(Record set)

definition sincere :: "nat \<Rightarrow> nat \<Rightarrow> step list \<Rightarrow> strategy_profile" where
  "sincere k m ss = (\<lambda>_ v h. case state_at k ss (initial_state m) h of
      ([], _) \<Rightarrow> 0 | (stp # _, st) \<Rightarrow> sincere_msg k stp v st)"

text \<open>No bidder receives an offer after one of its own nodes, so at each node all that is still
  open about the owner's outcome is what the current offer adds.\<close>

fun offers_first :: "step list \<Rightarrow> bool" where
  "offers_first [] = True"
| "offers_first (Learn a # ss) = offers_first ss"
| "offers_first (stp # ss) = (Offer (owner stp) \<notin> set ss \<and> offers_first ss)"

lemma offer_choice_best:
  "offer_choice k a v st \<le> offer_cap k st"
  "q \<le> offer_cap k st \<Longrightarrow> utility k a v st q \<le> utility k a v st (offer_choice k a v st)"
  using arg_max_on_finite[where S="{..offer_cap k st}" and f="utility k a v st"]
  unfolding offer_choice_def Let_def by (auto split: if_splits)

lemma offer_choice_eq:
  assumes "opt_alloc (insert a (known st)) ((reports st)(a := v)) k a = x"
    and "x \<le> offer_cap k st" and "\<And>q. q \<le> offer_cap k st \<Longrightarrow> utility k a v st q \<le> utility k a v st x"
  shows "offer_choice k a v st = x"
  using assms unfolding offer_choice_def Let_def by auto

lemma sincere_msg_in_messages: "sincere_msg k stp v st \<in> messages k stp st"
  using offer_choice_best(1) by (cases stp) (auto simp: sincere_msg_def messages_def)

lemma sincere_msg_best:
  assumes "owner stp = i" "x \<in> messages k stp st"
  shows "v (sold (next_state k stp x st) i) - charged (next_state k stp x st) i
    \<le> v (sold (next_state k stp (sincere_msg k stp v st) st) i) - charged (next_state k stp (sincere_msg k stp v st) st) i"
proof (cases stp)
  case (Offer a)
  then obtain q where "x = real q" "q \<le> offer_cap k st"
    using assms(2) by (auto simp: messages_def)
  then show ?thesis
    using offer_choice_best(2)[of q k st a v] assms(1) Offer
    by (simp add: purchase_def sincere_msg_def utility_def)
qed (use assms in simp_all)

lemma sum_fun_upd_add:
  fixes f :: "nat \<Rightarrow> nat"
  assumes "a < n"
  shows "(\<Sum>i<n. (f(a := f a + q)) i) = (\<Sum>i<n. f i) + q"
proof -
  have "(\<Sum>i<n. (f(a := f a + q)) i) = (\<Sum>i<n. f i + (if i = a then q else 0))"
    by (rule sum.cong) auto
  then show ?thesis
    using assms by (simp add: sum.distrib)
qed

lemma wf_auction_tree:
  "(\<forall>stp\<in>set ss. owner stp < n) \<Longrightarrow> (\<Sum>i<n. sold st i) + remaining st \<le> m \<Longrightarrow> wf_mech n m (auction_tree k ss st)"
proof (induction ss arbitrary: st)
  case (Cons stp ss)
  show ?case
  proof (cases stp)
    case (Offer a)
    have "wf_mech n m (auction_tree k ss (purchase k a q st))" if "q \<le> offer_cap k st" for q
      using Cons sum_fun_upd_add[of a n "sold st" q] that Offer by (simp add: purchase_def offer_cap_def)
    then show ?thesis
      using Cons.prems Offer by (auto simp: messages_def)
  qed (use Cons in \<open>simp_all add: messages_def\<close>)
qed simp

lemma subtree_auction_tree:
  "subtree (auction_tree k ss st) h = Some t \<Longrightarrow> t = case_prod (auction_tree k) (state_at k ss st h)"
  by (induction k ss st h rule: state_at.induct) (auto split: if_splits list.splits)

lemma state_at_suffix: "suffix (fst (state_at k ss st h)) ss"
  by (induction k ss st h rule: state_at.induct) (auto intro: suffix_ConsI)

lemma state_at_not_Learn: "fst (state_at k ss st h) \<noteq> Learn a # rest"
  by (induction k ss st h rule: state_at.induct) auto

lemma auction_tree_node:
  assumes "subtree (auction_tree k ss st) u = Some (Node i M c)"
  obtains stp rest st' where "state_at k ss st u = (stp # rest, st')" "\<forall>a. stp \<noteq> Learn a"
    "owner stp = i" "M = messages k stp st'" "c = (\<lambda>x. auction_tree k rest (next_state k stp x st'))"
proof -
  obtain ss' st' where at: "state_at k ss st u = (ss', st')"
    by fastforce
  then have node: "Node i M c = auction_tree k ss' st'"
    using subtree_auction_tree[OF assms] by simp
  have "\<forall>a rest. ss' \<noteq> Learn a # rest"
    using state_at_not_Learn[of k ss st u] at by auto
  with node that at show ?thesis
    by (cases ss'; cases "hd ss'") auto
qed

lemma behavior_sincere: "behavior (auction_tree k ss (initial_state m)) i (sincere k m ss i v)"
  unfolding behavior_def
proof (intro allI impI)
  fix u M c
  assume "subtree (auction_tree k ss (initial_state m)) u = Some (Node i M c)"
  then obtain stp rest st' where "state_at k ss (initial_state m) u = (stp # rest, st')"
    "M = messages k stp st'"
    by (rule auction_tree_node)
  then show "sincere k m ss i v u \<in> M"
    using sincere_msg_in_messages by (simp add: sincere_def)
qed

lemma offers_first_Cons: "offers_first (stp # ss) \<Longrightarrow> offers_first ss"
  by (cases stp) auto

lemma offers_first_suffix: "offers_first ss \<Longrightarrow> suffix ss' ss \<Longrightarrow> offers_first ss'"
  by (induction ss) (auto simp: suffix_Cons dest: offers_first_Cons)

lemma outcome_unchanged:
  "Offer i \<notin> set ss \<Longrightarrow>
    fst (outcome_from (auction_tree k ss st) B h) i = sold st i \<and>
    snd (outcome_from (auction_tree k ss st) B h) i = charged st i"
  by (induction k ss st arbitrary: h rule: auction_tree.induct) (auto simp: purchase_def)

lemma OSP_auction_tree:
  assumes "offers_first ss"
  shows "OSP n m (auction_tree k ss (initial_state m)) (sincere k m ss)"
  unfolding OSP_def
proof (intro allI impI)
  fix i v u M c B B'
  let ?t = "auction_tree k ss (initial_state m)"
  let ?B = "B(i := sincere k m ss i v)"
  assume "i < n" "dm_valuation m v"
    and node: "subtree ?t u = Some (Node i M c)"
    and "profile n ?t B" "profile n ?t B'"
    and on_path: "on_path ?t ?B u" "on_path ?t B' u"
    and "B' i u \<noteq> sincere k m ss i v u"
  have "B' i u \<in> M"
    using \<open>profile n ?t B'\<close> \<open>i < n\<close> node unfolding profile_def behavior_def by blast
  obtain stp rest st' where at: "state_at k ss (initial_state m) u = (stp # rest, st')"
    and stp: "\<forall>a. stp \<noteq> Learn a" "owner stp = i"
    and M: "M = messages k stp st'" and c: "c = (\<lambda>x. auction_tree k rest (next_state k stp x st'))"
    using node by (rule auction_tree_node)
  have "offers_first (stp # rest)"
    using offers_first_suffix[OF assms] state_at_suffix[of k ss "initial_state m" u] at by simp
  then have "Offer i \<notin> set rest"
    using stp by (cases stp) auto
  then have outcome: "alloc ?t Bx i = sold (next_state k stp (Bx i u) st') i \<and>
      pay ?t Bx i = charged (next_state k stp (Bx i u) st') i" if "on_path ?t Bx u" for Bx
    using outcome_after_node[OF node that] outcome_unchanged c
    by (simp add: alloc_def pay_def)
  have "?B i u = sincere_msg k stp v st'"
    using at by (simp add: sincere_def)
  then show "v (alloc ?t B' i) - pay ?t B' i \<le> v (alloc ?t ?B i) - pay ?t ?B i"
    using outcome[OF on_path(1)] outcome[OF on_path(2)] sincere_msg_best[OF stp(2)] \<open>B' i u \<in> M\<close> M
    by simp
qed

section \<open>The auction and its sincere run\<close>

text \<open>In \<open>a # zs\<close> the bidder \<open>a\<close> is served after all of \<open>zs\<close>, as the \<open>length zs + 1\<close>-st;
  bidders served before position \<open>L\<close> only report.\<close>

definition block :: "nat \<Rightarrow> nat \<Rightarrow> nat \<Rightarrow> nat \<Rightarrow> step list" where
  "block m L p a = (if p < L then [] else [Offer a]) @ map (Ask a) [0..<Suc m] @ [Learn a]"

primrec schedule :: "nat \<Rightarrow> nat \<Rightarrow> nat list \<Rightarrow> step list" where
  "schedule m L [] = []"
| "schedule m L (a # zs) = schedule m L zs @ block m L (Suc (length zs)) a"

lemma owner_schedule: "stp \<in> set (schedule m L ys) \<Longrightarrow> owner stp \<in> set ys"
  by (induction ys) (auto simp: block_def split: if_splits)

lemma offers_first_append:
  "offers_first xs \<Longrightarrow> offers_first ys \<Longrightarrow> (\<forall>stp\<in>set xs. Offer (owner stp) \<notin> set ys) \<Longrightarrow>
    offers_first (xs @ ys)"
  by (induction xs rule: offers_first.induct) auto

lemma offers_first_block: "offers_first (block m L p a)"
proof -
  have "offers_first (map (Ask a) ts @ [Learn a])" for ts
    by (induction ts) auto
  then show ?thesis
    by (auto simp: block_def simp del: upt_Suc)
qed

lemma offers_first_schedule: "distinct ys \<Longrightarrow> offers_first (schedule m L ys)"
proof (induction ys)
  case (Cons a zs)
  have "Offer (owner stp) \<notin> set (block m L (Suc (length zs)) a)" if "stp \<in> set (schedule m L zs)" for stp
    using owner_schedule[OF that] Cons.prems by (auto simp: block_def)
  then show ?case
    using Cons offers_first_block by (simp add: offers_first_append)
qed simp

primrec sincere_run :: "nat \<Rightarrow> (nat \<Rightarrow> nat \<Rightarrow> real) \<Rightarrow> step list \<Rightarrow> auction_state \<Rightarrow> auction_state" where
  "sincere_run k v [] st = st"
| "sincere_run k v (stp # ss) st =
     sincere_run k v ss (next_state k stp (sincere_msg k stp (v (owner stp)) st) st)"

lemma sincere_run_append: "sincere_run k v (xs @ ys) st = sincere_run k v ys (sincere_run k v xs st)"
  by (induction xs arbitrary: st) auto

lemma sincere_outcome:
  assumes "\<forall>h'. state_at k ss0 (initial_state m) (h @ h') = state_at k ss st h'"
  shows "outcome_from (auction_tree k ss st) (\<lambda>j. sincere k m ss0 j (v j)) h =
    (sold (sincere_run k v ss st), charged (sincere_run k v ss st))"
  using assms
proof (induction ss arbitrary: st h)
  case (Cons stp ss)
  show ?case
  proof (cases "\<exists>a. stp = Learn a")
    case True
    then show ?thesis
      using Cons by auto
  next
    case False
    let ?x = "sincere_msg k stp (v (owner stp)) st"
    have "state_at k ss0 (initial_state m) h = (stp # ss, st)"
      using Cons.prems[rule_format, of "[]"] False by (cases stp) auto
    then have msg: "sincere k m ss0 (owner stp) (v (owner stp)) h = ?x"
      by (simp add: sincere_def)
    have "\<forall>h'. state_at k ss0 (initial_state m) ((h @ [?x]) @ h') = state_at k ss (next_state k stp ?x st) h'"
      using Cons.prems False by (cases stp) auto
    then have "outcome_from (auction_tree k ss (next_state k stp ?x st)) (\<lambda>j. sincere k m ss0 j (v j)) (h @ [?x]) =
        (sold (sincere_run k v (stp # ss) st), charged (sincere_run k v (stp # ss) st))"
      using Cons.IH by simp
    moreover have "auction_tree k (stp # ss) st =
        Node (owner stp) (messages k stp st) (\<lambda>x. auction_tree k ss (next_state k stp x st))"
      using False by (cases stp) auto
    ultimately show ?thesis
      using msg by simp
  qed
qed simp

lemma sincere_run_asks:
  "sincere_run k v (map (Ask a) [0..<j]) st =
     st\<lparr>reports := (reports st)(a := (\<lambda>t. if t < j then v a t else reports st a t))\<rparr>"
proof (induction j)
  case 0
  have "(reports st)(a := reports st a) = reports st"
    by simp
  then show ?case
    by simp
next
  case (Suc j)
  then show ?case
    by (simp add: sincere_run_append sincere_msg_def fun_eq_iff)
qed

lemma sincere_run_block:
  fixes k L p :: nat
  assumes "reports st a = (\<lambda>_. 0)" "dm_valuation m (v a)"
  defines "q \<equiv> if p < L then 0 else offer_choice k a (v a) st"
  defines "st' \<equiv> sincere_run k v (block m L p a) st"
  shows "known st' = insert a (known st)" "reports st' = (reports st)(a := v a)"
    "sold st' = (sold st)(a := sold st a + q)" "remaining st' = remaining st - q"
proof -
  define st1 where "st1 = sincere_run k v (if p < L then [] else [Offer a]) st"
  have st1: "known st1 = known st" "reports st1 = reports st"
    "sold st1 = (sold st)(a := sold st a + q)" "remaining st1 = remaining st - q"
    unfolding st1_def q_def by (simp_all add: sincere_msg_def purchase_def)
  have st': "st' = sincere_run k v [Learn a] (sincere_run k v (map (Ask a) [0..<Suc m]) st1)"
    unfolding st'_def st1_def block_def by (simp only: sincere_run_append)
  have "(\<lambda>t. if t < Suc m then v a t else reports st1 a t) = v a"
    using assms(1,2) st1(2) by (auto simp: dm_valuation_def fun_eq_iff)
  then show "known st' = insert a (known st)" "reports st' = (reports st)(a := v a)"
    "sold st' = (sold st)(a := sold st a + q)" "remaining st' = remaining st - q"
    unfolding st' sincere_run_asks using st1 by simp_all
qed
(* Let $f$ satisfy (f1) and suppose $f_0=+\infty$ and $f_\infty=0$. Then for every $\lambda\in(0,+\infty)$, problem (MO) has two solutions $u^+$ and $u^-$ such that $u^+$ is positive and strictly concave in $(0,1)$ and $u^-$ is negative and strictly convex in $(0,1)$.
   Context: Let $N\ge 1$ be an integer and $f:\mathbb{R}\to\mathbb{R}$ continuous. For $\lambda\ge 0$, problem (MO) is: find $u\in C^2[0,1]$ with $\left((u'(r))^N\right)'=\lambda^N N r^{N-1} f(-u(r))$ for $0<r<1$ and $u'(0)=u(1)=0$. Condition (f1): $f\in C(\mathbb{R},\mathbb{R})$ and $f(s)s^N>0$ for all $s\neq0$. The quantities $f_0,f_\infty\in[0,+\infty]$ are defined by $f_0^N=\lim_{s\to0} f(s)/s^N$ and $f_\infty^N=\lim_{|s|\to+\infty} f(s)/s^N$ (limits assumed to exist in $[0,+\infty]$). *)

theory Defs
  imports "HOL-Analysis.Analysis"
begin

definition strictly_convex_on :: "real set \<Rightarrow> (real \<Rightarrow> real) \<Rightarrow> bool" where
  "strictly_convex_on S u \<longleftrightarrow> convex S \<and>
     (\<forall>x\<in>S. \<forall>y\<in>S. \<forall>t::real. x \<noteq> y \<and> 0 < t \<and> t < 1 \<longrightarrow>
        u ((1 - t) * x + t * y) < (1 - t) * u x + t * u y)"

definition strictly_concave_on :: "real set \<Rightarrow> (real \<Rightarrow> real) \<Rightarrow> bool" where
  "strictly_concave_on S u \<longleftrightarrow> strictly_convex_on S (\<lambda>x. - u x)"

definition C2_on_unit :: "(real \<Rightarrow> real) \<Rightarrow> (real \<Rightarrow> real) \<Rightarrow> (real \<Rightarrow> real) \<Rightarrow> bool" where
  "C2_on_unit u u' u'' \<longleftrightarrow>
     (\<forall>x\<in>{0..1}. (u has_real_derivative u' x) (at x within {0..1})) \<and>
     (\<forall>x\<in>{0..1}. (u' has_real_derivative u'' x) (at x within {0..1})) \<and>
     continuous_on {0..1} u''"

definition solves_MO :: "nat \<Rightarrow> real \<Rightarrow> (real \<Rightarrow> real) \<Rightarrow> (real \<Rightarrow> real) \<Rightarrow> bool" where
  "solves_MO N lam f u \<longleftrightarrow>
     (\<exists>u' u''. C2_on_unit u u' u'' \<and>
        (\<forall>r. 0 < r \<and> r < 1 \<longrightarrow>
           ((\<lambda>s. (u' s) ^ N) has_real_derivative
              (lam ^ N * real N * r ^ (N - 1) * f (- u r))) (at r)) \<and>
        u' 0 = 0 \<and> u 1 = 0)"

end

theory Submission
  imports Defs "HOL-Complex_Analysis.Great_Picard"
begin

(* 1. Reflection.  With f~(s) = (-1)^N f(-s), u solves (MO) for f~ iff -u solves it for f, and
      f~ satisfies the same hypotheses as f.  So it suffices to find positive concave solutions.
   2. Integral equation.  For g = f~, integrating ((u')^N)' = (-\<lambda>)^N N r^(N-1) g(u) twice
      turns the search for a positive solution into a fixed point problem
        u(r) = a - \<lambda> \<integral>_0^r (\<integral>_0^s N t^(N-1) g(u t) dt)^(1/N) ds,    u(1) = 0.
      Every continuous nonnegative such fixed point is C^2, solves (MO), is positive and
      strictly concave (locale regular_fixed_point).
   3. Existence of the fixed point.  Replace g by a bounded truncation G and the argument
      u(t) by the delayed argument u(t - h).  For h > 0 finitely many iterations give an exact
      fixed point (method of steps); shooting in the initial value a and the intermediate value
      theorem enforce u(1) = 0: f_\<infinity> = 0 makes large a overshoot, f_0 = \<infinity> makes
      small a undershoot.  The delayed solutions are equi-Lipschitz, so Arzela-Ascoli yields a
      limit as h \<rightarrow> 0, which solves the undelayed equation (locale truncated_problem). *)

lemma integral_weight:
  fixes c k :: real and N :: nat
  assumes "0 \<le> c" "N \<ge> 1"
  shows "integral {0..c} (\<lambda>t. k * (real N * t^(N-1))) = k * c^N"
proof -
  have "((\<lambda>t. real N * t^(N-1)) has_integral (c^N - 0^N)) {0..c}"
    by (rule fundamental_theorem_of_calculus)
      (use assms in \<open>auto intro!: derivative_eq_intros
         simp: has_real_derivative_iff_has_vector_derivative[symmetric]\<close>)
  moreover have "(0::real)^N = 0" using assms by simp
  ultimately have "((\<lambda>t. real N * t^(N-1)) has_integral c^N) {0..c}" by simp
  then have "integral {0..c} (\<lambda>t. real N * t^(N-1)) = c^N" by (rule integral_unique)
  then show ?thesis by (simp only: integral_mult_right)
qed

(End Record set)

In the listing above, locate each line with "longleftrightarrow" and copy it.

  "strictly_convex_on S u \<longleftrightarrow> convex S \<and>
  "strictly_concave_on S u \<longleftrightarrow> strictly_convex_on S (\<lambda>x. - u x)"
  "C2_on_unit u u' u'' \<longleftrightarrow>
  "solves_MO N lam f u \<longleftrightarrow>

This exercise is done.